(Task objective): Copy out only those lines running from the line with "from that obtain" to the end of the listing, keeping each one exactly as it is.

——

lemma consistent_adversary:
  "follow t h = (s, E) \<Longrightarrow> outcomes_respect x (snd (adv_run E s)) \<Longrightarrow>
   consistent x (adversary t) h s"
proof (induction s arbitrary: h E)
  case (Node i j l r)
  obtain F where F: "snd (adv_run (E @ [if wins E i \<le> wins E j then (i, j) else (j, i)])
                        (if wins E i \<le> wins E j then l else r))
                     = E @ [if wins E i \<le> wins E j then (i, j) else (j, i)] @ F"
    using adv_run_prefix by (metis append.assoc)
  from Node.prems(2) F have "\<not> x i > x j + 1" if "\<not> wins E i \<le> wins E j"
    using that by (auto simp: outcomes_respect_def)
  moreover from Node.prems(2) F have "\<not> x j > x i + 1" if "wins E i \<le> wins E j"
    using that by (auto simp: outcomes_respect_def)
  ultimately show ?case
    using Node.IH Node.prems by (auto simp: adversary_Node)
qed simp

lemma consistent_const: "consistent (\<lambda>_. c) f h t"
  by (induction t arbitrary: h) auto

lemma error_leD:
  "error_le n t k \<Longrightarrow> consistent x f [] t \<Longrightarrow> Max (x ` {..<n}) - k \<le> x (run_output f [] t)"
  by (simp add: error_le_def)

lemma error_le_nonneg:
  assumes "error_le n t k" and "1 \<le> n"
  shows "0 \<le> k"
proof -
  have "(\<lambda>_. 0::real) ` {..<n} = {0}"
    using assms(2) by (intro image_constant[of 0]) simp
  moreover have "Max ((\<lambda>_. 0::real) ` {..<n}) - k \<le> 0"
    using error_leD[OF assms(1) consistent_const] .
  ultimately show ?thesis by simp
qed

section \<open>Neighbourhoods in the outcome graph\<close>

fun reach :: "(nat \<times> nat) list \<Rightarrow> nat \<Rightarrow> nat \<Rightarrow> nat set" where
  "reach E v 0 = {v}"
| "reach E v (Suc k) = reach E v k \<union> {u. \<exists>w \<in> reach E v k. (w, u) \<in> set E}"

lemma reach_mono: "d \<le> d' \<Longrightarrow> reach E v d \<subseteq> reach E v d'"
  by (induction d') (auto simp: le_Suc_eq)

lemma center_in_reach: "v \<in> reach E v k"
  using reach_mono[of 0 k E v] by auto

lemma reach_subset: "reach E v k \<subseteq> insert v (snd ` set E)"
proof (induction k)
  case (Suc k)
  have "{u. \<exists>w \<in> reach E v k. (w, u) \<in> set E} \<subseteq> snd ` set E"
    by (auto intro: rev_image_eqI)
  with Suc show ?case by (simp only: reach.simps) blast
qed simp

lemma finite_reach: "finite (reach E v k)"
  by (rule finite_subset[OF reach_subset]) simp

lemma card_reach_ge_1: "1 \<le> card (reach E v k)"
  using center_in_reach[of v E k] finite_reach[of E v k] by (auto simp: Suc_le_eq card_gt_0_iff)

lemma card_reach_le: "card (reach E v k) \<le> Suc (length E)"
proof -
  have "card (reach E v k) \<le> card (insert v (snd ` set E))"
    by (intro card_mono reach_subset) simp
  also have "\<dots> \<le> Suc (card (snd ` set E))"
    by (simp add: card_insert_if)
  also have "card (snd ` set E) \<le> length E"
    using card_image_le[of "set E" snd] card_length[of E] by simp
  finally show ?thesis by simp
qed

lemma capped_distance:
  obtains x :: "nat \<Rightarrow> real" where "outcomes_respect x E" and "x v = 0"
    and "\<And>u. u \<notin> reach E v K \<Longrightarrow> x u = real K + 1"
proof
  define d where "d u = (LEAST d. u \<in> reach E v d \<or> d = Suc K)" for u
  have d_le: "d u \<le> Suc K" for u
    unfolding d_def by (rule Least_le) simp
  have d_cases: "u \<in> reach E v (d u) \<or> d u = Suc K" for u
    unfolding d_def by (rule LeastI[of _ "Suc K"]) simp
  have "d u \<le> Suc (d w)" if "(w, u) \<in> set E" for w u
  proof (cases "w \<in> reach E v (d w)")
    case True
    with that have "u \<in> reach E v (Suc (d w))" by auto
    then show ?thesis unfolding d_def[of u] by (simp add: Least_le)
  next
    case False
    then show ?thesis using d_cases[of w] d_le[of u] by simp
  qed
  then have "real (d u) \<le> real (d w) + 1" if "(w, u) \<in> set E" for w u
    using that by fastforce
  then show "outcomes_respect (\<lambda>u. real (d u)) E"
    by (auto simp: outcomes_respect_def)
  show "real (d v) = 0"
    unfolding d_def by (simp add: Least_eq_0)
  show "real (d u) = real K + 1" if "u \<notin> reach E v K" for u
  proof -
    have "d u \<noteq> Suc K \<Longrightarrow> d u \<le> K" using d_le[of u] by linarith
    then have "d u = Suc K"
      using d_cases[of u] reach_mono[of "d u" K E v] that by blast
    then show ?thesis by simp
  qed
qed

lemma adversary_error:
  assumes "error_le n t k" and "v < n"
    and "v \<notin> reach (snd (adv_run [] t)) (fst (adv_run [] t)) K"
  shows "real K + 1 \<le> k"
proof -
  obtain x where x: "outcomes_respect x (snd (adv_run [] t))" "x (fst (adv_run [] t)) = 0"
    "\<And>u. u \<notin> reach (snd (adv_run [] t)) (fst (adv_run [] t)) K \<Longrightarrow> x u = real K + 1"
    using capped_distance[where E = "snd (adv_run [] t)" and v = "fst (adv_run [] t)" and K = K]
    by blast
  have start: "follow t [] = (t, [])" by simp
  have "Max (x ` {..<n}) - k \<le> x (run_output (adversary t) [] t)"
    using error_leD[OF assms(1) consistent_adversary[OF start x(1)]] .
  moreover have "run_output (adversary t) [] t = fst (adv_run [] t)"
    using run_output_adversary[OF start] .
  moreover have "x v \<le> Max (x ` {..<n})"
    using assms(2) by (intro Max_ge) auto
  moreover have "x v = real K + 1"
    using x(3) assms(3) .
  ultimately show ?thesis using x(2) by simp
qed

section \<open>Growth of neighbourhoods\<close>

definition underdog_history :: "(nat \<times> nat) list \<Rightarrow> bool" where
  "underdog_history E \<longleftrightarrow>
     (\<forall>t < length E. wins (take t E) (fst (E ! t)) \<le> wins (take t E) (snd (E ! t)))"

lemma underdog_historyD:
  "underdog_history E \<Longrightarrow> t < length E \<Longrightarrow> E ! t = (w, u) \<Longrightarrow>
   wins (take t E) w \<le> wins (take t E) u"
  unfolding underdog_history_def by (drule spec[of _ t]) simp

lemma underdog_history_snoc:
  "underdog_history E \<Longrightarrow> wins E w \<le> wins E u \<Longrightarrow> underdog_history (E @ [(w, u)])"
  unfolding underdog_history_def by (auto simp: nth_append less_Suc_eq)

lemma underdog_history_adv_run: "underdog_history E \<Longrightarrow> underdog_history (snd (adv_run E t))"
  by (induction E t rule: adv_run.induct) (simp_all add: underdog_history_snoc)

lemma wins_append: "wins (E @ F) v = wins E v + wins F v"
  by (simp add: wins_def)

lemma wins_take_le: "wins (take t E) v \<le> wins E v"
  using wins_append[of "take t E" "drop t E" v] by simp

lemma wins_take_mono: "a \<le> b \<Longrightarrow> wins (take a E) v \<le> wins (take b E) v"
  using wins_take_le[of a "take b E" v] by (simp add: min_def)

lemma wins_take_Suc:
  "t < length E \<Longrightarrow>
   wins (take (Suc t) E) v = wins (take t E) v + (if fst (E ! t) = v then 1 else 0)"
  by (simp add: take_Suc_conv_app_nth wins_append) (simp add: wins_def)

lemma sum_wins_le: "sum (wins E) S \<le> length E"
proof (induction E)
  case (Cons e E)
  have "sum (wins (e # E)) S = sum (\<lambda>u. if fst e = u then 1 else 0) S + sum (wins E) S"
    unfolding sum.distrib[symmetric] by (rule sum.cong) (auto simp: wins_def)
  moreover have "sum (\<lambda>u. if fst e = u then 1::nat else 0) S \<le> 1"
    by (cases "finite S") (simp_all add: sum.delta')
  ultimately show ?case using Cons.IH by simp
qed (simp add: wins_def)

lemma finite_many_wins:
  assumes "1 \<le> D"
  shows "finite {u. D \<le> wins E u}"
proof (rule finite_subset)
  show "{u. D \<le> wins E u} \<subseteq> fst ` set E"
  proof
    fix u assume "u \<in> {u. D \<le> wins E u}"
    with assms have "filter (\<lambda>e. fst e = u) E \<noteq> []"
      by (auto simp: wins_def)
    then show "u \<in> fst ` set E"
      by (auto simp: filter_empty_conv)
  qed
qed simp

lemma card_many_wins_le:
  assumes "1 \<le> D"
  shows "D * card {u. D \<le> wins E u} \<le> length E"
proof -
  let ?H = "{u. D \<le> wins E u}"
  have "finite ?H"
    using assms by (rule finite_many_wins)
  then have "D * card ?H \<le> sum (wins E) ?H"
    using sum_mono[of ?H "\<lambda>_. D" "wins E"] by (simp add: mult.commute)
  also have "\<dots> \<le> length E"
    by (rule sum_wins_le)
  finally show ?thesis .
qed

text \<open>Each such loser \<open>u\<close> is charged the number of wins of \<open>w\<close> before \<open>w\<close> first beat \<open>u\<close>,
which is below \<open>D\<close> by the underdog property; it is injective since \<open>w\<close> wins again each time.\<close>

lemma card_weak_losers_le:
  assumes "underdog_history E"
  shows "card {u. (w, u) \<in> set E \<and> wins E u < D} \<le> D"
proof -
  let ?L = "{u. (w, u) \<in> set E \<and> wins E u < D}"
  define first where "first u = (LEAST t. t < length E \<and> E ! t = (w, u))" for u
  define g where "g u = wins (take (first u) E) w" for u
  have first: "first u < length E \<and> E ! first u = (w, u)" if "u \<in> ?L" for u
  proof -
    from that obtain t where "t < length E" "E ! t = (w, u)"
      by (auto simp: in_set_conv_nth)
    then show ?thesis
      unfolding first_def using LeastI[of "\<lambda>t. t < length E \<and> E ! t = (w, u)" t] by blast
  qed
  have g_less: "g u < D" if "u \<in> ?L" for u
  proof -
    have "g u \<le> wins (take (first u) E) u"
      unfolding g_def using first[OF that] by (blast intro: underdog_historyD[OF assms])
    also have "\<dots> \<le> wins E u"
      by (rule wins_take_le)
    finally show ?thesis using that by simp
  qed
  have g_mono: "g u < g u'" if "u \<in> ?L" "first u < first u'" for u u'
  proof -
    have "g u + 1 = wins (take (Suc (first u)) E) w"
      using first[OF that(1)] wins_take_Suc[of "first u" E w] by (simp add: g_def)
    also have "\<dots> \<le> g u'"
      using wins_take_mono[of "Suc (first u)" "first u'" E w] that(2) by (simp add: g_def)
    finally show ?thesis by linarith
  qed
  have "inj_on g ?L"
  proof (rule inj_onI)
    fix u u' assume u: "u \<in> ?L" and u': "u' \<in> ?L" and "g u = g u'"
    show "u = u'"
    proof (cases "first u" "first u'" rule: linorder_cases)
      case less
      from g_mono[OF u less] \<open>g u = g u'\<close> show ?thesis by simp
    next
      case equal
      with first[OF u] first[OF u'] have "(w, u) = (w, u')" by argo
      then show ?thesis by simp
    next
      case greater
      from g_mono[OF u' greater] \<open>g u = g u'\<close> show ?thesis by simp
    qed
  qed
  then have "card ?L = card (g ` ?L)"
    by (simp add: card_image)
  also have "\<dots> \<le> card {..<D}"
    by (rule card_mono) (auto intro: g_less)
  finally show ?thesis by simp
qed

——

(Exercise result):
    from that obtain t where "t < length E" "E ! t = (w, u)"
      by (auto simp: in_set_conv_nth)
    then show ?thesis
      unfolding first_def using LeastI[of "\<lambda>t. t < length E \<and> E ! t = (w, u)" t] by blast
  qed
  have g_less: "g u < D" if "u \<in> ?L" for u
  proof -
    have "g u \<le> wins (take (first u) E) u"
      unfolding g_def using first[OF that] by (blast intro: underdog_historyD[OF assms])
    also have "\<dots> \<le> wins E u"
      by (rule wins_take_le)
    finally show ?thesis using that by simp
  qed
  have g_mono: "g u < g u'" if "u \<in> ?L" "first u < first u'" for u u'
  proof -
    have "g u + 1 = wins (take (Suc (first u)) E) w"
      using first[OF that(1)] wins_take_Suc[of "first u" E w] by (simp add: g_def)
    also have "\<dots> \<le> g u'"
      using wins_take_mono[of "Suc (first u)" "first u'" E w] that(2) by (simp add: g_def)
    finally show ?thesis by linarith
  qed
  have "inj_on g ?L"
  proof (rule inj_onI)
    fix u u' assume u: "u \<in> ?L" and u': "u' \<in> ?L" and "g u = g u'"
    show "u = u'"
    proof (cases "first u" "first u'" rule: linorder_cases)
      case less
      from g_mono[OF u less] \<open>g u = g u'\<close> show ?thesis by simp
    next
      case equal
      with first[OF u] first[OF u'] have "(w, u) = (w, u')" by argo
      then show ?thesis by simp
    next
      case greater
      from g_mono[OF u' greater] \<open>g u = g u'\<close> show ?thesis by simp
    qed
  qed
  then have "card ?L = card (g ` ?L)"
    by (simp add: card_image)
  also have "\<dots> \<le> card {..<D}"
    by (rule card_mono) (auto intro: g_less)
  finally show ?thesis by simp
qed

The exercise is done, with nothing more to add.